Please filter the data down to the lines that include the word "lambda" and copy them.

§ The data:
▬▬▬
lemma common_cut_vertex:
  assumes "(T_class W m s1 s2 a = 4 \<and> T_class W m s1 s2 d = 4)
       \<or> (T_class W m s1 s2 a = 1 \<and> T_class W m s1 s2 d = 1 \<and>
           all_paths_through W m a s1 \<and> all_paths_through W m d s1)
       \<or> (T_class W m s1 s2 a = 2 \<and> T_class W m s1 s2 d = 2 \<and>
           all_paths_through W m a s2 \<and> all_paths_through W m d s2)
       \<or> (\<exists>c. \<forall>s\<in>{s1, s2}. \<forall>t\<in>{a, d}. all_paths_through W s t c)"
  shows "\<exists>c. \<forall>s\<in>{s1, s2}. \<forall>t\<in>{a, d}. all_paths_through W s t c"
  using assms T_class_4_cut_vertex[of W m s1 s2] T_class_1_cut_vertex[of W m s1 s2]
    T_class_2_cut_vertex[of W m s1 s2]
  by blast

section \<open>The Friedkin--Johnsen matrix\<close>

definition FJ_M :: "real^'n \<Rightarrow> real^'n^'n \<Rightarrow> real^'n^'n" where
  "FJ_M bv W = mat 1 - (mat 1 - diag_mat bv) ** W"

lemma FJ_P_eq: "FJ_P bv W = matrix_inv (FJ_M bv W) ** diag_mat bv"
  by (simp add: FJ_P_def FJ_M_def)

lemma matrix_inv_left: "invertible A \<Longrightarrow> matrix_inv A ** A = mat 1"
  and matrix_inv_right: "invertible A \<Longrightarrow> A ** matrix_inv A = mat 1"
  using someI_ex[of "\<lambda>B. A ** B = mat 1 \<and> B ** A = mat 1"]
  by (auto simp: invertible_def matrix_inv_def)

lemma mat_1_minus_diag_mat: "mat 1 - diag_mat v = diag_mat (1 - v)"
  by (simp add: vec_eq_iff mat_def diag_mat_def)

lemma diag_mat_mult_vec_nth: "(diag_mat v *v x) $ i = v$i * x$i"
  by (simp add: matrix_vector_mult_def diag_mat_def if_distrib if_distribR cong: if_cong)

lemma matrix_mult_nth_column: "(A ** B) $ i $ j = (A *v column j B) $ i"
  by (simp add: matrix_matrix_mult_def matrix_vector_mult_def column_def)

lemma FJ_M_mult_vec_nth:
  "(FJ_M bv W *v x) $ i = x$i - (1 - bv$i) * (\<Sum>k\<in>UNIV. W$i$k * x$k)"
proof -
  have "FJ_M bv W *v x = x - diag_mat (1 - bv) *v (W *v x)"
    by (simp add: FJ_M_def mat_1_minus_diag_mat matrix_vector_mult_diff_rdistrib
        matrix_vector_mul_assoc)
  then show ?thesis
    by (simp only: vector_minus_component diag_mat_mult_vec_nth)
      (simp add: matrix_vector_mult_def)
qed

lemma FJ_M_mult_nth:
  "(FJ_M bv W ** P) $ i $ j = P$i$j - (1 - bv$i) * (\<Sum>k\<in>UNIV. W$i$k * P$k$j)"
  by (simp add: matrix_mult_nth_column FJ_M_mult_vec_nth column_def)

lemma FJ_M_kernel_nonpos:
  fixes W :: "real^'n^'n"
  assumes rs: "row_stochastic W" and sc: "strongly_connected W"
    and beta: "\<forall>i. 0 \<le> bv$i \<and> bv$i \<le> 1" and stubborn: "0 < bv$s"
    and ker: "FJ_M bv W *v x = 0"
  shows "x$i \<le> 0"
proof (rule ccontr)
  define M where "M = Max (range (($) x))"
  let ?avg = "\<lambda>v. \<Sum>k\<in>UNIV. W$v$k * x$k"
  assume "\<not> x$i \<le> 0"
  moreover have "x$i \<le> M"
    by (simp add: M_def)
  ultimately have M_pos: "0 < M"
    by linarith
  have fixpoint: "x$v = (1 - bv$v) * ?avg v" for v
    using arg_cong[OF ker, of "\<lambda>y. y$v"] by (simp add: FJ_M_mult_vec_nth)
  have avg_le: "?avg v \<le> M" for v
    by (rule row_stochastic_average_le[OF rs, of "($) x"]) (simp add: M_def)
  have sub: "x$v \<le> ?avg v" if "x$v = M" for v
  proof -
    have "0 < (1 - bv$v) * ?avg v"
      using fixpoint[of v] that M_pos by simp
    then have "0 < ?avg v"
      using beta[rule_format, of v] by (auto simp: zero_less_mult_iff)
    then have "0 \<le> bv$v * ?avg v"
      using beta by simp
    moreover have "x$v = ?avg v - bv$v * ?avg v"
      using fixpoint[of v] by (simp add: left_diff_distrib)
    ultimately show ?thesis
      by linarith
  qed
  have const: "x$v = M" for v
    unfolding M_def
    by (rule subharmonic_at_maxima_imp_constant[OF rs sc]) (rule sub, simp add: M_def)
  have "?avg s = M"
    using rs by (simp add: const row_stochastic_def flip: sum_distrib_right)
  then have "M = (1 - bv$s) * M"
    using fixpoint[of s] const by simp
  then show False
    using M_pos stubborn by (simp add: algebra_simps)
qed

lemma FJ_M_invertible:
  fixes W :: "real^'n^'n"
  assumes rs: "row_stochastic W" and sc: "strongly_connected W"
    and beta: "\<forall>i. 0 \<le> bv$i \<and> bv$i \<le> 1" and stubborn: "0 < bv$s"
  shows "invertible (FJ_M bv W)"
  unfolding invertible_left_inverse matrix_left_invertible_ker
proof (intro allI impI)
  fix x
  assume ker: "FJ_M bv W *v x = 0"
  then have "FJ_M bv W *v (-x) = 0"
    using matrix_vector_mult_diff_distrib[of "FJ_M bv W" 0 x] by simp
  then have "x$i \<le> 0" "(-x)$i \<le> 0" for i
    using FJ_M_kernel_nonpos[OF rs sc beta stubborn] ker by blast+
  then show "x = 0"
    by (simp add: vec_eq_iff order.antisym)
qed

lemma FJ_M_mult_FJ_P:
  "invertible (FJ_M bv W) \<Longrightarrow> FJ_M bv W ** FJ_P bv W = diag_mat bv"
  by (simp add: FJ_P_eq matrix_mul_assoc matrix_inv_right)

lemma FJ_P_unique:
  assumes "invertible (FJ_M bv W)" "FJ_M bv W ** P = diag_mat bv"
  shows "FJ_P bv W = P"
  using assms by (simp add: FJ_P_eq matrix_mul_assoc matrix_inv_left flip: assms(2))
▬▬▬
§ Answer below:
  using someI_ex[of "\<lambda>B. A ** B = mat 1 \<and> B ** A = mat 1"]
  let ?avg = "\<lambda>v. \<Sum>k\<in>UNIV. W$v$k * x$k"
    using arg_cong[OF ker, of "\<lambda>y. y$v"] by (simp add: FJ_M_mult_vec_nth)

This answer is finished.